Итак, я вернулся в прямоугольник с крючками, запыхавшийся, с бьющимся сердцем, и все еще дрожащий от пребывания на зимней крыше, и тут я услышал внизу гудки такси, повторяющиеся, как крики перелетных гусей по осени. Гудки раздавались со стороны главного входа на первый этаж заброшенного склада, и естественно, моей первой мыслью было: «Чарли вернулся на такси, и не может расплатиться, и вызывает меня вниз, чтобы заплатить за него сдачей своей крови. Или снова прибыли власти, чтобы отвезти меня на этот островной курорт на Ист-ривер?»

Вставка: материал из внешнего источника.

lemma quad_horner_congruent:
  assumes K: "K \<noteq> 0" "\<forall>c\<in>set cs. K * c \<in> D" and "a \<in> D" "s \<in> D" "t \<in> D"
    and ts: "(t - s) / K \<in> D"
  shows "fst (quad_horner t a cs) - fst (quad_horner s a cs) \<in> D \<and>
    snd (quad_horner t a cs) - snd (quad_horner s a cs) \<in> D"
  using K(2)
proof (induction cs)
  case (Cons c cs)
  obtain F S where FS: "quad_horner s a cs = (F, S)" by fastforce
  obtain F' S' where FS': "quad_horner t a cs = (F', S')" by fastforce
  from Cons FS FS' have IH: "F' - F \<in> D" "S' - S \<in> D" by auto
  have "K * S \<in> D"
    using quad_horner_scaled_in_Zloc[of cs K a s] Cons.prems \<open>a \<in> D\<close> \<open>s \<in> D\<close> FS by simp
  have differences: "(c + F' * a - t * S') - (c + F * a - s * S) =
      (F' - F) * a - t * (S' - S) - ((t - s) / K) * (K * S)"
    "(F' + S' * a) - (F + S * a) = (F' - F) + (S' - S) * a"
    using K(1) by (simp_all add: field_simps)
  show ?case
    unfolding quad_horner_Cons quad_step_def FS FS' fst_conv snd_conv differences
    using Zloc_mult[OF ts \<open>K * S \<in> D\<close>] IH \<open>a \<in> D\<close> \<open>t \<in> D\<close> by simp
qed simp

definition IntQ_quad :: "rat poly set" where
  "IntQ_quad = {f. \<forall>a\<in>D. \<forall>s\<in>D. quad_horner s a (coeffs f) \<in> D \<times> D}"
(* Assume $\sum_n n^2\pi(n)<\infty$. If $R_0\le1$, then $m=0$ is the unique solution in $[0,\bar\pi]$ of $\bar\mu_\infty(m)=m$. If $R_0>1$, then there exists a unique $m_\star\in(0,\bar\pi]$ with $\bar\mu_\infty(m_\star)=m_\star$.
   Context: $\lambda_L,\lambda_G,\gamma>0$; $\pi$ a probability distribution on $\mathbb N$ with mean $\bar\pi$. For constant $m\in[0,\bar\pi]$, $\mu_\infty(m)$ is the unique stationary distribution (with first marginal $\pi$) of $(\nu,X_t(m))$ where $\nu\sim\pi$ and $X_t(m) = X_0 + P_{inf}\big( \int_{0}^{t} [ \lambda_L X_s(m) + \lambda_G \frac{\nu}{\bar\pi}m ](1-\frac{X_s(m)}{\nu}) ds \big) - P_{rec}\big( \int_{0}^{t} \gamma X_s(m) ds \big)$ with independent standard Poisson processes; $\bar\mu_\infty(m)$ is the mean of the second coordinate under $\mu_\infty(m)$. $R_0=\frac{\lambda_G}{\bar\pi}\mathbb E\big[\nu\int_0^\infty I(t)dt\,\big|\,I(0)=1\big]$ where $\nu\sim\pi$ and $I(t)=I(0)+P_{inf}\big(\int_0^t\lambda_L(1-I(s)/\nu)I(s)ds\big)-P_{rec}\big(\int_0^t\gamma I(s)ds\big)$. *)

theory Defs
  imports "HOL-Probability.Probability"
begin

definition pibar :: "nat pmf \<Rightarrow> real" where
  "pibar P = measure_pmf.expectation P real"

definition birth_rate :: "real \<Rightarrow> real \<Rightarrow> real \<Rightarrow> real \<Rightarrow> nat \<Rightarrow> nat \<Rightarrow> real" where
  "birth_rate lL lG pb m n x = (lL * real x + lG * (real n / pb) * m) * (1 - real x / real n)"

definition death_rate :: "real \<Rightarrow> nat \<Rightarrow> real" where
  "death_rate g x = g * real x"

definition gen :: "real \<Rightarrow> real \<Rightarrow> real \<Rightarrow> real \<Rightarrow> real \<Rightarrow> nat \<Rightarrow> nat \<Rightarrow> nat \<Rightarrow> real" where
  "gen lL lG g pb m n x y =
     (if y = Suc x then birth_rate lL lG pb m n x
      else if Suc y = x then death_rate g x
      else if y = x then - (birth_rate lL lG pb m n x + death_rate g x)
      else 0)"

Разрываемый этими двумя возможностями, я стоял у фанерной загородки, прислушиваясь, колеблясь между опасением с надеждой и опасением потерять эту надежду, но тут внизу человеческий голос назвал меня по имени, и голос был женский, а не Чарли, но тем не менее я загремел вниз по лестнице на улицу, чтобы найти там в бездверном дверном проеме актрису Инвикту, героически закутанную в черную пелерину, с лицом из греческой трагедии, поднятом, словно для декламации на сцене.
Своим мощнейшим вокальным инструментом она спросила меня:
— Там ли он, наверху, и кто это такой увел его от Моизи, потому что у Феба его нет, и вообще нет нигде, хотя искала я его всю ночь?
Я так запыхался, что смог сказать только:
— Кого его?
— Моего Бога!
— Я не знаю, кто ваш Бог.
— Большой Лот моей жизни!
— Пожалуйста, только не кричите так. У нас с вами одна и та же проблема: а это не сценический диалог, к вашему сведению.
— Все, что я хочу — это информации, мне ни к чему кауардовские реплики в этот час!
— Ночь полна часов, но в нашей резиденции Чарли нет, а Большой Лот вообще никогда не числился в списке приглашаемых в наш дом — с тех пор как я был вычеркнут из его списка.
— Как, никогда?
— Желаете подняться и посмотреть?
Она начала подниматься, но отступила — наверное, впервые в своей жизни.
У нее драматически упал голос.
— Вы знаете, это не смешно.
— Я не хотел быть смешным, и я понимаю ваше стремление защитить Большого Лота — точно так же, как не понимаю его эксплуататорское отношение к вам.